*** Extracted data ***

lemma det_le_convexified_det:
  assumes psd: "\<And>v. v \<bullet> (M *v v) \<ge> 0" and sym: "M$1$2 = M$2$1"
  shows "det M \<le> convexified_det M"
  unfolding convexified_det_def
proof (rule cInf_greatest)
  have "norm (axis 1 1 :: real^2) = 1 \<and> norm (axis 2 1 :: real^2) = 1 \<and> axis 1 1 \<bullet> (axis 2 1 :: real^2) = 0"
    by (simp add: inner_vec2 axis_def norm_eq_sqrt_inner)
  then show "{max (\<nu> \<bullet> (M *v \<nu>)) 0 * max (\<mu> \<bullet> (M *v \<mu>)) 0
        - max (- (\<nu> \<bullet> (M *v \<nu>))) 0 - max (- (\<mu> \<bullet> (M *v \<mu>))) 0
     | \<nu> \<mu>. norm \<nu> = 1 \<and> norm \<mu> = 1 \<and> \<nu> \<bullet> \<mu> = 0} \<noteq> {}"
    by blast
next
  fix z assume "z \<in> {max (\<nu> \<bullet> (M *v \<nu>)) 0 * max (\<mu> \<bullet> (M *v \<mu>)) 0
        - max (- (\<nu> \<bullet> (M *v \<nu>))) 0 - max (- (\<mu> \<bullet> (M *v \<mu>))) 0
     | \<nu> \<mu>. norm \<nu> = 1 \<and> norm \<mu> = 1 \<and> \<nu> \<bullet> \<mu> = 0}"
  then obtain \<nu> \<mu> :: "real^2" where frame: "norm \<nu> = 1" "norm \<mu> = 1" "\<nu> \<bullet> \<mu> = 0"
    and "z = max (\<nu> \<bullet> (M *v \<nu>)) 0 * max (\<mu> \<bullet> (M *v \<mu>)) 0
        - max (- (\<nu> \<bullet> (M *v \<nu>))) 0 - max (- (\<mu> \<bullet> (M *v \<mu>))) 0"
    by blast
  then have "z = (\<nu> \<bullet> (M *v \<nu>)) * (\<mu> \<bullet> (M *v \<mu>))"
    using psd[of \<nu>] psd[of \<mu>] by simp
  also have "\<dots> = det M + (\<nu> \<bullet> (M *v \<mu>))^2"
    by (rule quadratic_form_orthonormal_product[OF frame sym])
  finally show "det M \<le> z"
    by simp
qed

lemma det_nonneg_if_psd:
  fixes M :: "real^2^2"
  assumes psd: "\<And>v. v \<bullet> (M *v v) \<ge> 0" and sym: "M$1$2 = M$2$1"
  shows "det M \<ge> 0"
proof -
  have q: "M$1$1 * x^2 + 2 * M$1$2 * x * y + M$2$2 * y^2 \<ge> 0" for x y
    using psd[of "vector [x, y]"] sym unfolding quadratic_form_vec2 by (simp add: algebra_simps)
  show ?thesis
  proof (cases "M$1$1 = 0")
    case True
    have "M$1$2 = 0"
    proof (rule ccontr)
      assume "M$1$2 \<noteq> 0"
      then have "M$1$1 * (-(M$2$2 + 1) / (2 * M$1$2))^2 + 2 * M$1$2 * (-(M$2$2 + 1) / (2 * M$1$2)) * 1
          + M$2$2 * 1^2 = -1"
        using True by (simp add: field_simps)
      with q[of "-(M$2$2 + 1) / (2 * M$1$2)" 1] show False
        by linarith
    qed
    then show ?thesis
      by (simp add: det_2 True)
  next
    case False
    with q[of 1 0] have pos: "M$1$1 > 0"
      by simp
    have "M$1$1 * (M$1$1 * M$2$2 - M$1$2^2)
        = M$1$1 * (M$1$2)^2 + 2 * M$1$2 * M$1$2 * (- M$1$1) + M$2$2 * (- M$1$1)^2"
      by (simp add: power2_eq_square algebra_simps)
    with q[of "M$1$2" "- M$1$1"] have "M$1$1 * (M$1$1 * M$2$2 - M$1$2^2) \<ge> 0"
      by linarith
    with pos have "M$1$1 * M$2$2 - M$1$2^2 \<ge> 0"
      by (simp add: zero_le_mult_iff)
    then show ?thesis
      by (simp add: det_2 sym power2_eq_square)
  qed
qed

definition frame_hessian :: "real \<Rightarrow> real^2 \<Rightarrow> real \<Rightarrow> real^2 \<Rightarrow> real^2^2" where
  "frame_hessian \<alpha> e \<gamma> w = (\<chi> i j. 2 * \<alpha> * e$i * e$j + 2 * \<gamma> * w$i * w$j)"

lemma frame_hessian_mult:
  "frame_hessian \<alpha> e \<gamma> w *v h = (2 * \<alpha> * (h \<bullet> e)) *\<^sub>R e + (2 * \<gamma> * (h \<bullet> w)) *\<^sub>R w"
  by (simp add: frame_hessian_def vec_eq_iff forall_2 matrix_vector_mult_vec2 inner_vec2 algebra_simps)

lemma C2_frame_quadratic:
  "C2_with (\<lambda>x. c0 + c1 * ((x - a) \<bullet> e) + \<alpha> * ((x - a) \<bullet> e - \<beta>)^2 + \<gamma> * ((x - a) \<bullet> w)^2)
           (\<lambda>x. (c1 + 2 * \<alpha> * ((x - a) \<bullet> e - \<beta>)) *\<^sub>R e + (2 * \<gamma> * ((x - a) \<bullet> w)) *\<^sub>R w)
           (\<lambda>x. frame_hessian \<alpha> e \<gamma> w)"
  unfolding C2_with_def
proof (intro conjI allI)
  fix x :: "real^2"
  show "((\<lambda>x. c0 + c1 * ((x - a) \<bullet> e) + \<alpha> * ((x - a) \<bullet> e - \<beta>)^2 + \<gamma> * ((x - a) \<bullet> w)^2)
      has_derivative (\<lambda>h. ((c1 + 2 * \<alpha> * ((x - a) \<bullet> e - \<beta>)) *\<^sub>R e
                           + (2 * \<gamma> * ((x - a) \<bullet> w)) *\<^sub>R w) \<bullet> h)) (at x)"
    by (rule derivative_eq_intros refl | simp)+
       (simp add: inner_add_left inner_commute algebra_simps)
  show "((\<lambda>x. (c1 + 2 * \<alpha> * ((x - a) \<bullet> e - \<beta>)) *\<^sub>R e + (2 * \<gamma> * ((x - a) \<bullet> w)) *\<^sub>R w)
      has_derivative (\<lambda>h. frame_hessian \<alpha> e \<gamma> w *v h)) (at x)"
    unfolding frame_hessian_mult by (rule derivative_eq_intros refl | simp)+
qed simp

lemma convexified_det_frame_hessian_neg:
  assumes "e \<noteq> 0" "\<alpha> < 0" "\<gamma> > 0"
  shows "convexified_det (frame_hessian \<alpha> e \<gamma> (rot90 e)) < 0"
proof -
  define \<nu> where "\<nu> = (1 / norm e) *\<^sub>R e"
  define \<mu> where "\<mu> = (1 / norm e) *\<^sub>R rot90 e"
  have frame: "norm \<nu> = 1" "norm \<mu> = 1" "\<nu> \<bullet> \<mu> = 0"
    using assms(1) by (simp_all add: \<nu>_def \<mu>_def)
  have ee: "e \<bullet> e = (norm e)^2"
    by (simp add: power2_norm_eq_inner)
  have "\<nu> \<bullet> (frame_hessian \<alpha> e \<gamma> (rot90 e) *v \<nu>) = 2 * \<alpha> * (e \<bullet> e)"
    "\<mu> \<bullet> (frame_hessian \<alpha> e \<gamma> (rot90 e) *v \<mu>) = 2 * \<gamma> * (e \<bullet> e)"
    unfolding frame_hessian_mult \<nu>_def \<mu>_def using assms(1) ee
    by (simp_all add: inner_add_right inner_commute power2_eq_square field_simps)
  moreover have "2 * \<alpha> * (e \<bullet> e) < 0" "2 * \<gamma> * (e \<bullet> e) > 0"
    using assms by (simp_all add: mult_neg_pos)
  ultimately show ?thesis
    using convexified_det_le[OF frame, of "frame_hessian \<alpha> e \<gamma> (rot90 e)"] by simp
qed

lemma C2_has_real_derivative_along_line:
  assumes "C2_with \<phi> g Hs"
  shows "((\<lambda>\<sigma>. \<phi> (p + \<sigma> *\<^sub>R v)) has_real_derivative (g (p + \<sigma> *\<^sub>R v) \<bullet> v)) (at \<sigma>)"
proof -
  have "(\<phi> has_derivative (\<lambda>h. g (p + \<sigma> *\<^sub>R v) \<bullet> h)) (at (p + \<sigma> *\<^sub>R v))"
    using assms unfolding C2_with_def by blast
  moreover have "((\<lambda>\<sigma>. p + \<sigma> *\<^sub>R v) has_derivative (\<lambda>h. h *\<^sub>R v)) (at \<sigma>)"
    by (rule derivative_eq_intros refl | simp)+
  ultimately have "((\<lambda>\<sigma>. \<phi> (p + \<sigma> *\<^sub>R v)) has_derivative (\<lambda>h. g (p + \<sigma> *\<^sub>R v) \<bullet> (h *\<^sub>R v))) (at \<sigma>)"
    using has_derivative_compose by blast
  then show ?thesis
    unfolding has_field_derivative_def by (rule has_derivative_eq_rhs) (auto simp: fun_eq_iff)
qed

lemma C2_gradient_has_real_derivative_along_line:
  assumes "C2_with \<phi> g Hs"
  shows "((\<lambda>\<tau>. g (p + \<tau> *\<^sub>R w) \<bullet> v) has_real_derivative ((Hs (p + \<tau> *\<^sub>R w) *v w) \<bullet> v)) (at \<tau>)"
proof -
  have "(g has_derivative (\<lambda>h. Hs (p + \<tau> *\<^sub>R w) *v h)) (at (p + \<tau> *\<^sub>R w))"
    using assms unfolding C2_with_def by blast
  moreover have "((\<lambda>\<tau>. p + \<tau> *\<^sub>R w) has_derivative (\<lambda>h. h *\<^sub>R w)) (at \<tau>)"
    by (rule derivative_eq_intros refl | simp)+
  ultimately have "((\<lambda>\<tau>. g (p + \<tau> *\<^sub>R w)) has_derivative (\<lambda>h. Hs (p + \<tau> *\<^sub>R w) *v (h *\<^sub>R w))) (at \<tau>)"
    using has_derivative_compose by blast
  from has_derivative_inner_left[OF this, of v]
  have "((\<lambda>\<tau>. g (p + \<tau> *\<^sub>R w) \<bullet> v) has_derivative (\<lambda>h. h * ((Hs (p + \<tau> *\<^sub>R w) *v w) \<bullet> v))) (at \<tau>)"
    by (simp add: matrix_vector_mult_scaleR inner_scaleR_left)
  then show ?thesis
    unfolding has_field_derivative_def by (rule has_derivative_eq_rhs) (auto simp: fun_eq_iff)
qed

*** End of Extracted data ***

● **Try it**: How many lines of the material above hold the string "where"? Reply with the number and nothing else.

● **Your response**: 4